The most exciting work in artificial intelligence (AI) is happening in the field of machine learning using a technique known as deep learning. This process enables computers to learn by running massive amounts of data through a complex set of algorithms. The system is inspired by the biology of the human brain, and is called a neural network. 

Building these systems requires a team of scientists and engineers who painstakingly design the set of rules and methods necessary to achieve the desired result. With the current AI boom underway, experts with the skills required to create these systems are in short supply, with only an estimated 10,000 people worldwide proficient in the task. 

Scientists at Google, a division of Alphabet Inc. (GOOGL 0.35%) (GOOG 0.37%), have done pioneering work in AI, and wondered if they could build an AI system capable of designing future systems.

Robot looking into a stroller against starry sky.

The Google Brain team built an AI that could create its own offspring. Image source: Getty Images.

Hollywood vs. reality

Contrary to the depiction of AI in movies, each AI model is created for -- and can typically only accomplish -- a very specific and narrowly defined task. To use an extremely simplified example, if a system is designed to recognize cats, it can become extremely adept at distinguishing the furry felines -- but is completely incapable of identifying a dog. Consequently, scientists must create a new system for each subsequent task. These can include such diverse capabilities as the voice recognition used by smartphones or the language translation accomplished by Google Translate.

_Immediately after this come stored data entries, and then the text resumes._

lemma cinner_adj_right: "bounded_op T \<Longrightarrow> cinner (T x) y = cinner x (adj T y)"
  unfolding adj_def using someI_ex [OF adjoint_exists] by blast

lemma cinner_adj_left: "bounded_op T \<Longrightarrow> cinner (adj T y) x = cinner y (T x)"
  by (metis cinner_adj_right cinner_commute)

lemma adj_unique:
  assumes "bounded_op T" and "\<And>x y. cinner (T x) y = cinner x (S y)"
  shows "adj T = S"
  using assms cinner_adj_right by (metis cinner_ext_right ext)

lemma bounded_op_adj:
  assumes T: "bounded_op T"
  shows "bounded_op (adj T)"
proof -
  have "onorm T \<ge> 0"
    using T by (simp add: bounded_op_iff onorm_pos_le)
  have "adj T (x + y) = adj T x + adj T y" for x y
    by (rule cinner_ext_right) (simp add: cinner_adj_right [OF T, symmetric] cinner_add_right)
  moreover have "adj T (scaleC c x) = scaleC c (adj T x)" for c x
    by (rule cinner_ext_right) (simp add: cinner_adj_right [OF T, symmetric] cinner_scaleC_right)
  moreover have "norm (adj T y) \<le> onorm T * norm y" for y
  proof -
    have "(norm (adj T y))\<^sup>2 = Re (cinner (T (adj T y)) y)"
      by (simp add: norm_square_eq_Re_cinner cinner_adj_right [OF T])
    also have "\<dots> \<le> norm (T (adj T y)) * norm y"
      using complex_Re_le_cmod cinner_cauchy_schwarz order_trans by blast
    also have "\<dots> \<le> onorm T * norm (adj T y) * norm y"
      using norm_bounded_op_le [OF T] by (simp add: mult_right_mono)
    finally have "norm (adj T y) * norm (adj T y) \<le> norm (adj T y) * (onorm T * norm y)"
      by (simp add: power2_eq_square mult_ac)
    then show ?thesis
      using \<open>onorm T \<ge> 0\<close> by (cases "adj T y = 0") auto
  qed
  ultimately show ?thesis
    unfolding bounded_op_def by blast
qed

lemma adj_comp:
  assumes "bounded_op A" and "bounded_op B"
  shows "adj (A \<circ> B) = adj B \<circ> adj A"
  by (rule adj_unique [OF bounded_op_comp [OF assms]]) (simp add: assms cinner_adj_right)

lemma adjoint_invariant_orth:
  assumes "\<And>x y. cinner (A x) y = cinner x (B y)" and "A ` M \<subseteq> M"
  shows "B ` orth M \<subseteq> orth M"
proof (unfold orth_def, safe)
  fix x y
  assume y: "\<forall>m\<in>M. cinner m y = 0" and "x \<in> M"
  then have "cinner (A x) y = 0"
    using assms(2) by blast
  then show "cinner x (B y) = 0"
    by (simp add: assms(1))
qed

lemma reduces_in_UNIV_iff:
  assumes T: "bounded_op T"
  shows "reduces_in UNIV M T \<longleftrightarrow> closed_subspace M \<and> T ` M \<subseteq> M \<and> adj T ` M \<subseteq> M"
proof
  assume R: "reduces_in UNIV M T"
  then have M: "closed_subspace M" and TM: "T ` M \<subseteq> M"
    by (simp_all add: reduces_in_def)
  have "adj T y \<in> M" if y: "y \<in> M" for y
  proof -
    define q where "q = adj T y - proj M (adj T y)"
    have q: "q \<in> orth M"
      unfolding q_def by (rule proj_orth [OF M])
    then have "T q \<in> orth M"
      using R by (auto simp: reduces_in_def)
    then have "cinner q (adj T y) = 0"
      using y by (simp add: cinner_adj_right [OF T, symmetric] cinner_orth_left)
    moreover have "cinner q (proj M (adj T y)) = 0"
      using proj_in [OF M] q by (rule cinner_orth_left)
    ultimately have "cinner q q = 0"
      by (simp add: q_def cinner_diff_right)
    then have "q = 0"
      by (simp add: cinner_self_eq_zero)
    then show ?thesis
      using proj_in [OF M, of "adj T y"] by (simp add: q_def)
  qed
  then show "closed_subspace M \<and> T ` M \<subseteq> M \<and> adj T ` M \<subseteq> M"
    using M TM by blast
next
  assume "closed_subspace M \<and> T ` M \<subseteq> M \<and> adj T ` M \<subseteq> M"
  moreover have "T ` orth M \<subseteq> orth M" if "adj T ` M \<subseteq> M"
    using adjoint_invariant_orth [OF cinner_adj_left [OF T] that] .
  ultimately show "reduces_in UNIV M T"
    by (simp add: reduces_in_def)
qed

lemma reduces_in_UNIV_if_reduces_in:
  assumes T: "bounded_op T" and R: "reduces_in H N T" and H: "closed_subspace H"
    and adj_H: "adj T ` H \<subseteq> H"
  shows "reduces_in UNIV N T"
proof -
  have N: "closed_subspace N" and "N \<subseteq> H" and "T ` N \<subseteq> N"
    and T_orth: "T ` (H \<inter> orth N) \<subseteq> H \<inter> orth N"
    using R by (auto simp: reduces_in_def)
  have "T x \<in> orth N" if x: "x \<in> orth N" for x
  proof -
    \<comment> \<open>the component of \<open>x\<close> in \<open>H\<close> stays in \<open>orth N\<close> by assumption, the one in
      \<open>orth H\<close> because \<open>T\<close> preserves \<open>orth H\<close>\<close>
    define p where "p = proj H x"
    have q: "x - p \<in> orth H"
      unfolding p_def by (rule proj_orth [OF H])
    have "p \<in> orth N"
    proof (unfold orth_def, safe)
      fix n
      assume "n \<in> N"
      then have "cinner n x = 0" "cinner n (x - p) = 0"
        using x q \<open>N \<subseteq> H\<close> by (auto simp: orth_def)
      then show "cinner n p = 0"
        by (simp add: cinner_diff_right)
    qed
    then have "T p \<in> orth N"
      using T_orth proj_in [OF H] by (auto simp: p_def)
    moreover have "T (x - p) \<in> orth N"
      using adjoint_invariant_orth [OF cinner_adj_left [OF T] adj_H] q \<open>N \<subseteq> H\<close>
      by (auto simp: orth_def)
    ultimately have "T p + T (x - p) \<in> orth N"
      by (simp add: closed_subspace_orth closed_subspace_add)
    then show ?thesis
      by (simp add: linear_add [OF bounded_op_linear [OF T], symmetric])
  qed
  then show ?thesis
    using N \<open>T ` N \<subseteq> N\<close> by (auto simp: reduces_in_def)
qed

section \<open>The \<open>\<C>_{1,r}\<close> part of a single operator\<close>

lemma reducing_preimage:
  assumes T: "bounded_op T" and "inj T" and R: "reduces_in UNIV N T" and "T x \<in> N"
  shows "x \<in> N"
proof -
  have N: "closed_subspace N" and "T ` N \<subseteq> N" and T_orth: "T ` orth N \<subseteq> orth N"
    using R by (auto simp: reduces_in_def)
  \<comment> \<open>the component of \<open>x\<close> in \<open>orth N\<close> is mapped into \<open>N \<inter> orth N = {0}\<close>\<close>
  define q where "q = x - proj N x"
  have "T q = T x - T (proj N x)"
    by (simp add: q_def linear_diff [OF bounded_op_linear [OF T]])
  moreover have "T (proj N x) \<in> N"
    using \<open>T ` N \<subseteq> N\<close> proj_in [OF N] by blast
  ultimately have "T q \<in> N"
    using \<open>T x \<in> N\<close> closed_subspace_diff [OF N] by simp
  moreover have "T q \<in> orth N"
    using T_orth proj_orth [OF N] q_def by blast
  ultimately have "T q = 0"
    using orth_Int_eq_zero by blast
  then have "q = 0"
    using \<open>inj T\<close> linear_0 [OF bounded_op_linear [OF T]] by (metis injD)
  then show ?thesis
    using proj_in [OF N, of x] by (simp add: q_def)
qed

lemma C1r_restrict:
  assumes T: "bounded_op T" and C: "C1r UNIV r T" and R: "reduces_in UNIV N T"
  shows "C1r N r T"
proof -
  have "bij T" and contr: "\<And>x. norm (T x) \<le> norm x"
    and inv_bound: "\<And>y. norm (r *\<^sub>R the_inv_into UNIV T y) \<le> norm y"
    using C by (auto simp: C1r_def)
  then have "inj T"
    by (simp add: bij_is_inj)
  have "T ` N = N"
  proof
    show "T ` N \<subseteq> N"
      using R by (simp add: reduces_in_def)
    show "N \<subseteq> T ` N"
    proof
      fix y
      assume "y \<in> N"
      obtain x where "y = T x"
        using \<open>bij T\<close> by (meson bij_pointE)
      then show "y \<in> T ` N"
        using \<open>y \<in> N\<close> reducing_preimage [OF T \<open>inj T\<close> R] by blast
    qed
  qed
  have inj_N: "inj_on T N"
    using \<open>inj T\<close> by (rule inj_on_subset) simp
  then have bij_N: "bij_betw T N N"
    using \<open>T ` N = N\<close> by (simp add: bij_betw_def)
  have "the_inv_into N T y = the_inv_into UNIV T y" if "y \<in> N" for y
  proof -
    have "y \<in> T ` N"
      using \<open>y \<in> N\<close> \<open>T ` N = N\<close> by (simp only:)
    then obtain x where "x \<in> N" "T x = y"
      by (rule imageE) simp
    then have "the_inv_into N T y = x"
      by (intro the_inv_into_f_eq [OF inj_N])
    moreover have "the_inv_into UNIV T y = x"
      using \<open>T x = y\<close> by (intro the_inv_into_f_eq [OF \<open>inj T\<close>]) simp_all
    ultimately show ?thesis
      by simp
  qed
  then show ?thesis
    using bij_N contr inv_bound by (simp add: C1r_def)
qed

definition gram :: "('a::chilbert_space \<Rightarrow> 'a) \<Rightarrow> 'a \<Rightarrow> 'a" where
  "gram T x = adj T (T x)"

text \<open>The kernel of \<open>(T\<^sup>*T - I)(T\<^sup>*T - r\<^sup>2 I)\<close>, on which \<open>T\<^sup>*T\<close> is of the form
  \<open>P0 + r\<^sup>2 P1\<close>.\<close>
definition gram_kernel :: "real \<Rightarrow> ('a::chilbert_space \<Rightarrow> 'a) \<Rightarrow> 'a set" where
  "gram_kernel r T = {x. gram T (gram T x - r\<^sup>2 *\<^sub>R x) = gram T x - r\<^sup>2 *\<^sub>R x}"

fun adj_word :: "('a::chilbert_space \<Rightarrow> 'a) \<Rightarrow> bool list \<Rightarrow> 'a \<Rightarrow> 'a" where
  "adj_word T [] x = x"
| "adj_word T (b # bs) x = (if b then T else adj T) (adj_word T bs x)"

definition Cscr1r_part :: "real \<Rightarrow> ('a::chilbert_space \<Rightarrow> 'a) \<Rightarrow> 'a set" where
  "Cscr1r_part r T = {x. \<forall>bs. adj_word T bs x \<in> gram_kernel r T}"

lemma bounded_op_gram:
  assumes "bounded_op T"
  shows "bounded_op (gram T)"
proof -
  have "gram T = adj T \<circ> T"
    by (simp add: fun_eq_iff gram_def)
  then show ?thesis
    using bounded_op_comp [OF bounded_op_adj assms] assms by simp
qed

lemma cinner_gram_commute: "bounded_op T \<Longrightarrow> cinner (gram T x) y = cinner x (gram T y)"
  by (simp add: gram_def cinner_adj_left cinner_adj_right)

lemma closed_subspace_gram_kernel:
  assumes T: "bounded_op T"
  shows "closed_subspace (gram_kernel r T)"
proof -
  have Q: "bounded_op (\<lambda>x. gram T x - r\<^sup>2 *\<^sub>R x)"
    by (intro bounded_op_diff bounded_op_gram bounded_op_scaleR bounded_op_id T)
  have "bounded_op (\<lambda>x. gram T (gram T x - r\<^sup>2 *\<^sub>R x) - (gram T x - r\<^sup>2 *\<^sub>R x))"
    using bounded_op_diff [OF bounded_op_comp [OF bounded_op_gram [OF T] Q] Q] by (simp add: o_def)
  then have "closed_subspace ((\<lambda>x. gram T (gram T x - r\<^sup>2 *\<^sub>R x) - (gram T x - r\<^sup>2 *\<^sub>R x)) -` {0})"
    by (rule closed_subspace_vimage) (simp add: closed_subspace_def)
  moreover have
    "(\<lambda>x. gram T (gram T x - r\<^sup>2 *\<^sub>R x) - (gram T x - r\<^sup>2 *\<^sub>R x)) -` {0} = gram_kernel r T"
    by (simp add: gram_kernel_def vimage_def)
  ultimately show ?thesis
    by simp
qed

lemma bounded_op_adj_word: "bounded_op T \<Longrightarrow> bounded_op (adj_word T bs)"
proof (induction bs)
  case Nil
  then show ?case
    using bounded_op_id by (simp add: fun_eq_iff)
next
  case (Cons b bs)
  then have "bounded_op ((if b then T else adj T) \<circ> adj_word T bs)"
    by (simp add: bounded_op_comp bounded_op_adj)
  then show ?case
    by (simp add: o_def)
qed

lemma closed_subspace_Cscr1r_part:
  assumes T: "bounded_op T"
  shows "closed_subspace (Cscr1r_part r T)"
proof -
  have "Cscr1r_part r T = (\<Inter>bs. adj_word T bs -` gram_kernel r T)"
    by (auto simp: Cscr1r_part_def)
  then show ?thesis
    by (simp only:) (intro closed_subspace_INT closed_subspace_vimage bounded_op_adj_word
        closed_subspace_gram_kernel T)
qed

lemma Cscr1r_part_subset_gram_kernel: "Cscr1r_part r T \<subseteq> gram_kernel r T"
  unfolding Cscr1r_part_def by (auto dest: spec [of _ "[]"])

lemma adj_word_snoc: "adj_word T (bs @ [b]) x = adj_word T bs ((if b then T else adj T) x)"
  by (induction bs) auto

lemma Cscr1r_part_invariant:
  assumes "x \<in> Cscr1r_part r T"
  shows "T x \<in> Cscr1r_part r T" and "adj T x \<in> Cscr1r_part r T"
proof -
  have word: "adj_word T (bs @ [b]) x \<in> gram_kernel r T" for bs b
    using assms by (simp only: Cscr1r_part_def mem_Collect_eq)
  show "T x \<in> Cscr1r_part r T"
    using word [of _ True] by (simp add: Cscr1r_part_def adj_word_snoc)
  show "adj T x \<in> Cscr1r_part r T"
    using word [of _ False] by (simp add: Cscr1r_part_def adj_word_snoc)
qed

lemma Cscr1r_part_greatest:
  assumes "T ` M \<subseteq> M" and "adj T ` M \<subseteq> M" and "M \<subseteq> gram_kernel r T"
  shows "M \<subseteq> Cscr1r_part r T"
proof
  fix x
  assume "x \<in> M"
  then have "adj_word T bs x \<in> M" for bs
    using assms by (induction bs) auto
  then show "x \<in> Cscr1r_part r T"
    using assms by (auto simp: Cscr1r_part_def)
qed
lemma crossingE:
  assumes "c \<in> crossing_pts V E g"
  obtains e1 f1 where "e1 \<in> E" "f1 \<in> E"
    "proper_crossing (path_image (g e1)) (path_image (g f1)) c"
    "\<And>e. e \<in> E \<Longrightarrow> c \<in> path_image (g e) \<Longrightarrow> e = e1 \<or> e = f1"
proof -
  obtain e1 f1 where ef: "e1 \<in> E" "f1 \<in> E" "e1 \<noteq> f1" "c \<notin> V"
    "c \<in> path_image (g e1)" "c \<in> path_image (g f1)"
    using assms unfolding crossing_pts_def by blast
  have "c \<notin> ends (g e1)" using ef(1,4) drawing_edge(3)[OF ef(1)] by (auto simp: ends_def)
  then have "proper_crossing (path_image (g e1)) (path_image (g f1)) c"
    using drawing_proper_crossing ef by blast
  moreover have "e = e1 \<or> e = f1" if "e \<in> E" "c \<in> path_image (g e)" for e
    using drawing_no_triple_crossing[of e e1 f1 c] ef that by blast
  ultimately show ?thesis using that ef by blast
qed

text \<open>The vertices and the edges not through the crossing form a closed set missing it.\<close>
lemma crossing_isolated:
  assumes "c \<notin> V" "\<And>e. e \<in> E \<Longrightarrow> c \<in> path_image (g e) \<Longrightarrow> e = e1 \<or> e = f1"
  obtains \<delta> where "\<delta> > 0"
    "\<And>y. y \<in> ball c \<delta> \<Longrightarrow> y \<in> drawing_set V E g \<Longrightarrow> y \<in> path_image (g e1) \<union> path_image (g f1)"
proof -
  define D where "D = V \<union> (\<Union>e\<in>E - {e1, f1}. path_image (g e))"
  have "closed D" unfolding D_def
    using drawing_finite drawing_edge(1)
    by (intro closed_Un closed_UN finite_imp_closed) (auto intro: closed_path_image arc_imp_path)
  moreover have "c \<notin> D" unfolding D_def using assms by auto
  ultimately obtain \<delta> where "\<delta> > 0" "ball c \<delta> \<subseteq> - D"
    by (metis Compl_iff open_Compl open_contains_ball)
  then show ?thesis using that unfolding D_def drawing_set_def by blast
qed

lemma crossing_chart_exists:
  assumes "c \<in> crossing_pts V E g"
  obtains e1 f1 U h k r where "crossing_chart V E g c e1 f1 U h k r"
proof -
  obtain e1 f1 where ef: "e1 \<in> E" "f1 \<in> E"
    "proper_crossing (path_image (g e1)) (path_image (g f1)) c"
    "\<And>e. e \<in> E \<Longrightarrow> c \<in> path_image (g e) \<Longrightarrow> e = e1 \<or> e = f1"
    using crossingE[OF assms] by metis
  obtain U h k where U: "openin (top_of_set S2) U" "c \<in> U" "h c = 0"
    "homeomorphism U (ball 0 1) h k"
    "h ` (U \<inter> path_image (g e1)) = {z \<in> ball 0 1. Im z = 0}"
    "h ` (U \<inter> path_image (g f1)) = {z \<in> ball 0 1. Re z = 0}"
    using ef(3) unfolding proper_crossing_def by blast
  have "c \<notin> V" using assms unfolding crossing_pts_def by blast
  then obtain \<delta> where \<delta>: "\<delta> > 0"
    "\<And>y. y \<in> ball c \<delta> \<Longrightarrow> y \<in> drawing_set V E g \<Longrightarrow> y \<in> path_image (g e1) \<union> path_image (g f1)"
    using crossing_isolated[OF _ ef(4)] by blast
  have "k 0 = c" using U(2-4) by (metis homeomorphism_apply1)
  moreover have "continuous_on (ball 0 1) k" using U(4) by (rule homeomorphism_cont2)
  ultimately obtain d where d: "d > 0" "\<And>z. z \<in> ball 0 1 \<Longrightarrow> dist z 0 < d \<Longrightarrow> dist (k z) c < \<delta>"
    using \<delta>(1) unfolding continuous_on_iff by (metis centre_in_ball zero_less_one)
  define r where "r = min d 1"
  have "k z \<in> path_image (g e1) \<union> path_image (g f1)"
    if "z \<in> ball 0 r" "k z \<in> drawing_set V E g" for z
    using d(2)[of z] \<delta>(2)[of "k z"] that by (simp add: r_def dist_commute)
  then have "crossing_chart V E g c e1 f1 U h k r"
    using ef(1,2) U d(1) by unfold_locales (auto simp: r_def)
  then show ?thesis by (rule that)
qed

lemma drawing_set_subset_S2: "drawing_set V E g \<subseteq> S2"
  using drawing_vertices_in_S2 drawing_edge(2) unfolding drawing_set_def by blast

Back in May, Google debuted its AutoML project (ML is short for machine learning) which sought to automate the process of designing these machine learning systems. Creating an AI system that could build subsequent systems would shorten the amount of time necessary to deploy new models. In a blog post at the time, research scientists Quoc Le and Barret Zoph of the Google Brain team wrote:

In our approach (which we call "AutoML"), a controller neural net can propose a "child" model architecture, which can then be trained and evaluated for quality on a particular task. That feedback is then used to inform the controller how to improve its proposals for the next round. We repeat this process thousands of times -- generating new architectures, testing them, and giving that feedback to the controller to learn from. 

The scientists noted that eventually the controller AI would become more proficient and achieve a greater degree of accuracy when training the child.

People walking along a beach and flying kites with labels and percentages of accuracy achieved NASNet.

NASNet achieved the best results of any object recognition AI ever tested. Image source: Google.

A child is born

The result of this research was an AI system dubbed NASNet, the AI child that was trained in computer vision and taught to detect objects, just like the technology deployed in self-driving cars. After the training process was repeated thousands of times, the system was tested against ImageNet image classification and COCO object detection data sets, "two of the most respected large scale academic datasets in computer vision." 

When tasked to recognize objects -- like people and kites -- in real-time video streams, the child system achieved an 82.7% accuracy rating. This is more accurate than any state-of-the-art system currently available, and better than any built by humans. It also reduced the computational cost by half.

The future has arrived

Google believes that its latest research could be applied to many computer vision applications and has open-sourced NASNet. It believes that others will be able to build upon and improve these systems to "address multitudes of computer vision problems we have not yet imagined."

Currently, self-driving car technology is on the fast track to adoption, and improvements in computer vision systems will result in better safety for autonomous vehicles.